具体的には、今回の研究では、20歳以上の日本人アトピー性皮膚炎患者46名および健常者46名を対象に、DOCK8の全エキソン(48個)におけるゲノム配列をダイレクトDNAシーケンシングによって解読し、比較検討が実施された。その結果、DOCK8エキソン2上に存在する一塩基多型の「rs17673268」がアトピー性皮膚炎患者と健常人の間で大きく異なっていることが明らかにされたとする。
また、DOCK8遺伝子多型において、大半の人ではシトシン(C)塩基だが、アトピー性皮膚炎患者ではチミン(T)塩基に置き換わっている頻度が有意に高いことが確認されたとするほか、両アレルがT(TT遺伝子型)である頻度は健常者11%に対し、アトピー性皮膚炎患者では28%と有意に高くなっており、CC遺伝子型と比べて発症リスクの上昇が示されたという。
さらに、この遺伝子多型とアトピー性皮膚炎の重症度との関連性の解析として、重症度スコアのIGAやEASIを用いたアトピー性皮膚炎患者群での遺伝子多型の比較から、重症の皮膚炎患者(IGAスコア4点)は、CT遺伝子型あるいはTT遺伝子型でしか認められないことが判明したとするほか、中等症以上の患者をEASIスコア(高いほど重症)で比較したところ、CTよりTT遺伝子型でEASIスコアがより高く、重症化している患者が多いことが判明したという。
このrs17673268におけるCからTへの一塩基置換は、アラニンからバリンへのアミノ酸置換(ミスセンス変異)をもたらすことから、各々の点変異体を発現させた細胞株を作成し、EPAS1の核移行を調べる実験を実施したところ、TT遺伝子型に該当する遺伝子ベクターを発現した細胞株では、CC遺伝子型に比べてEPAS1の核移行が亢進することが見出されたともする。
研究チームでは、このDOCK8遺伝子多型は機能的な多型であり、EPAS1の核移行を制御してIL-31発現に関与することで、アトピー性皮膚炎の発症や重症化につながっている可能性が示唆されたと説明している。
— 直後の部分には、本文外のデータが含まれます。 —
lemma d_wl_S_unit:
  assumes A: "A \<in> arrs C" "cod1 C A = X0" and B: "B \<in> arrs C" "cod1 C B = X0"
    and f: "f \<in> cells C" "src2 C f = comp1 C I A" "tgt2 C f = comp1 C T B"
  shows "vcomp C (vcomp C (wr C d B) (wl C S f)) (wl C I (wr C s0 A)) = vcomp C (wl C T (wr C s0 B)) f"
proof -
  note [simp] = A B f
  define h where "h = vcomp C (wl C T (wr C s0 B)) f"
  have h_cell [simp]: "h \<in> cells C" "src2 C h = comp1 C I A" "tgt2 C h = comp1 C T (comp1 C S0 B)"
    unfolding h_def by simp_all
  have "vcomp C (wl C S h) (wr C s (comp1 C I A)) = vcomp C (wr C s (comp1 C T (comp1 C S0 B))) h"
    using whisker_exchange[of h s] by simp
  then have h_s: "vcomp C (wl C (comp1 C S T) (wr C s0 B)) (vcomp C (wl C S f) (wr C s (comp1 C I A)))
      = vcomp C (wr C s (comp1 C T (comp1 C S0 B))) (vcomp C (wl C T (wr C s0 B)) f)"
    unfolding h_def by simp
  have "wr C (vcomp C m0_hat (wr C s (comp1 C T S0))) B = wr C (id2 C (comp1 C T S0)) B"
    using m0_hat_s by simp
  then have "vcomp C (wr C m0_hat B) (wr C s (comp1 C T (comp1 C S0 B))) = id2 C (comp1 C T (comp1 C S0 B))"
    by simp
  note m0_hat_s_B = vcomp_assoc_subst[OF this, simplified]
  show ?thesis
    unfolding d_eq wl_I_wr_s0[OF A] by (simp add: h_s m0_hat_s_B)
qed

lemma d_ext:
  assumes A: "A \<in> arrs C" "cod1 C A = X0" and B: "B \<in> arrs C" "cod1 C B = X0"
    and AB: "dom1 C A = dom1 C B"
    and f: "f \<in> cells C" "src2 C f = comp1 C I A" "tgt2 C f = comp1 C T B"
  shows "vcomp C (wr C d B) (wl C S (ext A B f))
       = vcomp C (ext (comp1 C S0 A) (comp1 C S0 B) (vcomp C (wr C d B) (wl C S f))) (wr C d A)"
proof -
  note [simp] = A B AB f
  define g where "g = vcomp C (wr C d B) (wl C S f)"
  have g_cell [simp]: "g \<in> cells C" "src2 C g = comp1 C I (comp1 C S0 A)"
    "tgt2 C g = comp1 C T (comp1 C S0 B)"
    unfolding g_def by simp_all
  define E where "E = ext (comp1 C S0 A) (comp1 C S0 B) g"
  have E_cell [simp]: "E \<in> cells C" "src2 C E = comp1 C T (comp1 C S0 A)"
    "tgt2 C E = comp1 C T (comp1 C S0 B)"
    unfolding E_def by simp_all
  have E_hom: "vcomp C E (wr C m0_hat A) = vcomp C (wr C m0_hat B) (wl C S E)"
    using L_ext[OF isalg_free_wr[OF A] isalg_free_wr[OF B] _ g_cell]
      d_wl_S_free_hom[OF A B f] L_free_wr[OF A] L_free_wr[OF B]
    unfolding E_def g_def by simp
  have "ext A (comp1 C S0 B) (vcomp C (wl C T (id2 C (comp1 C S0 B))) (vcomp C g (wl C I (wr C s0 A))))
      = vcomp C (wl C T (id2 C (comp1 C S0 B))) (vcomp C E (wl C T (wr C s0 A)))"
    unfolding E_def by (rule ext_natural) auto
  then have ext_g: "ext A (comp1 C S0 B) (vcomp C g (wl C I (wr C s0 A))) = vcomp C E (wl C T (wr C s0 A))"
    by simp
  have "ext A (comp1 C S0 B) (vcomp C (wl C T (wr C s0 B)) (vcomp C f (wl C I (id2 C A))))
      = vcomp C (wl C T (wr C s0 B)) (vcomp C (ext A B f) (wl C T (id2 C A)))"
    by (rule ext_natural) auto
  then have ext_f: "ext A (comp1 C S0 B) (vcomp C (wl C T (wr C s0 B)) f)
      = vcomp C (wl C T (wr C s0 B)) (ext A B f)"
    by simp
  have "vcomp C E (wr C d A) = vcomp C (vcomp C E (wr C m0_hat A)) (wl C (comp1 C S T) (wr C s0 A))"
    unfolding d_eq by simp
  also have "\<dots> = vcomp C (wr C m0_hat B) (wl C S (vcomp C E (wl C T (wr C s0 A))))"
    unfolding E_hom by simp
  also have "\<dots> = vcomp C (wr C m0_hat B) (wl C S (vcomp C (wl C T (wr C s0 B)) (ext A B f)))"
    unfolding ext_g[symmetric] g_def d_wl_S_unit[OF A B f] ext_f ..
  also have "\<dots> = vcomp C (wr C d B) (wl C S (ext A B f))"
    unfolding d_eq by simp
  finally show ?thesis
    unfolding E_def g_def by simp
qed

theorem reldist_d: "reldist C X0 I T ext t S m s S0 m0 s0 d"
  unfolding reldist_def cell2_def span_def
  using d_m d_s d_ext d_t by auto

theorem lift_of_dist_d: "lift_of_dist C X0 T S0 m0 s0 d = L"
proof (intro ext)
  fix M \<mu>
  show "lift_of_dist C X0 T S0 m0 s0 d M \<mu> = L M \<mu>"
  proof (cases "isalg C X0 S0 m0 s0 M \<mu>")
    case False
    then show ?thesis
      unfolding lift_of_dist_def using L_undefined by simp
  next
    case \<mu>: True
    note [simp] = isalg_S0D(1-5)[OF \<mu>] isalg_SD(3-5)[OF isalg_L[OF \<mu>]]
    have "algmor C S (comp1 C T (comp1 C S0 M)) (L (comp1 C S0 M) (wr C m0 M))
        (comp1 C T M) (L M \<mu>) (wl C T \<mu>)"
      using algmor_L[OF isalg_free_wr \<mu> algmor_structure[OF \<mu>]] by simp
    then have "vcomp C (wl C T \<mu>) (wr C m0_hat M) = vcomp C (L M \<mu>) (wl C (comp1 C S T) \<mu>)"
      unfolding algmor_def L_free_wr[OF isalg_S0D(1,2)[OF \<mu>]] by simp
    note T\<mu>_hom = vcomp_assoc_cong[OF this, simplified]
    have "wl C (comp1 C S T) (vcomp C \<mu> (wr C s0 M)) = wl C (comp1 C S T) (id2 C M)"
      using isalg_S0D(6)[OF \<mu>] by simp
    then have "vcomp C (wl C (comp1 C S T) \<mu>) (wl C (comp1 C S T) (wr C s0 M))
        = id2 C (comp1 C S (comp1 C T M))"
      by simp
    then show ?thesis
      unfolding lift_of_dist_def d_eq using \<mu> by (simp add: T\<mu>_hom)
  qed
qed

end

theorem mainTheorem12:
  fixes C :: "('o,'a,'c) twocat"
  assumes "twocat C" and "X0 \<in> obs C" and "X \<in> obs C"
    and "relmonad C X0 X I T ext t"
    and "monad C X S m s" and "monad C X0 S0 m0 s0"
    and "compatible C I S m s S0 m0 s0"
  shows "(\<forall>d. reldist C X0 I T ext t S m s S0 m0 s0 d \<longrightarrow>
              lifting C X0 X I T ext t S m s S0 m0 s0 (lift_of_dist C X0 T S0 m0 s0 d))
       \<and> (\<forall>L. lifting C X0 X I T ext t S m s S0 m0 s0 L \<longrightarrow>
              reldist C X0 I T ext t S m s S0 m0 s0 (dist_of_lift C S T S0 m0 s0 L))
       \<and> (\<forall>d. reldist C X0 I T ext t S m s S0 m0 s0 d \<longrightarrow>
              dist_of_lift C S T S0 m0 s0 (lift_of_dist C X0 T S0 m0 s0 d) = d)
       \<and> (\<forall>L. lifting C X0 X I T ext t S m s S0 m0 s0 L \<longrightarrow>
              lift_of_dist C X0 T S0 m0 s0 (dist_of_lift C S T S0 m0 s0 L) = L)"
proof -
  interpret relmonad_compatible_monad C X0 X I T ext t S m s S0 m0 s0
    using assms by unfold_locales
  have "lifting C X0 X I T ext t S m s S0 m0 s0 (lift_of_dist C X0 T S0 m0 s0 d)
      \<and> dist_of_lift C S T S0 m0 s0 (lift_of_dist C X0 T S0 m0 s0 d) = d"
    if "reldist C X0 I T ext t S m s S0 m0 s0 d" for d
  proof -
    interpret relative_distributive_law C X0 X I T ext t S m s S0 m0 s0 d
      using that by unfold_locales
    show ?thesis using lifting_T_hat dist_of_lift_T_hat by simp
  qed
  moreover have "reldist C X0 I T ext t S m s S0 m0 s0 (dist_of_lift C S T S0 m0 s0 L)
      \<and> lift_of_dist C X0 T S0 m0 s0 (dist_of_lift C S T S0 m0 s0 L) = L"
    if "lifting C X0 X I T ext t S m s S0 m0 s0 L" for L
  proof -
    interpret algebra_lifting C X0 X I T ext t S m s S0 m0 s0 L
      using that by unfold_locales
    show ?thesis using reldist_d lift_of_dist_d by simp
  qed
  ultimately show ?thesis by blast
qed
なお、今回の研究成果は、比較的小規模な人数で得られたものであるため、日本人以外の国籍も含めた、より大規模集団での検討が今後重要になると研究チームではしているほか、この遺伝子多型が、アトピー性皮膚炎患者の抗IL-31受容体抗体への治療反応性予測や層別化医療に応用できる可能性があるとしている。またIL-31はアトピー性皮膚炎だけでなく、結節性痒疹や乾癬、慢性蕁麻疹などの皮膚疾患でも上昇することが報告されていることから、今回のDOCK8遺伝子多型は、これらの皮膚疾患の病態形成にも関与している可能性があるともしている。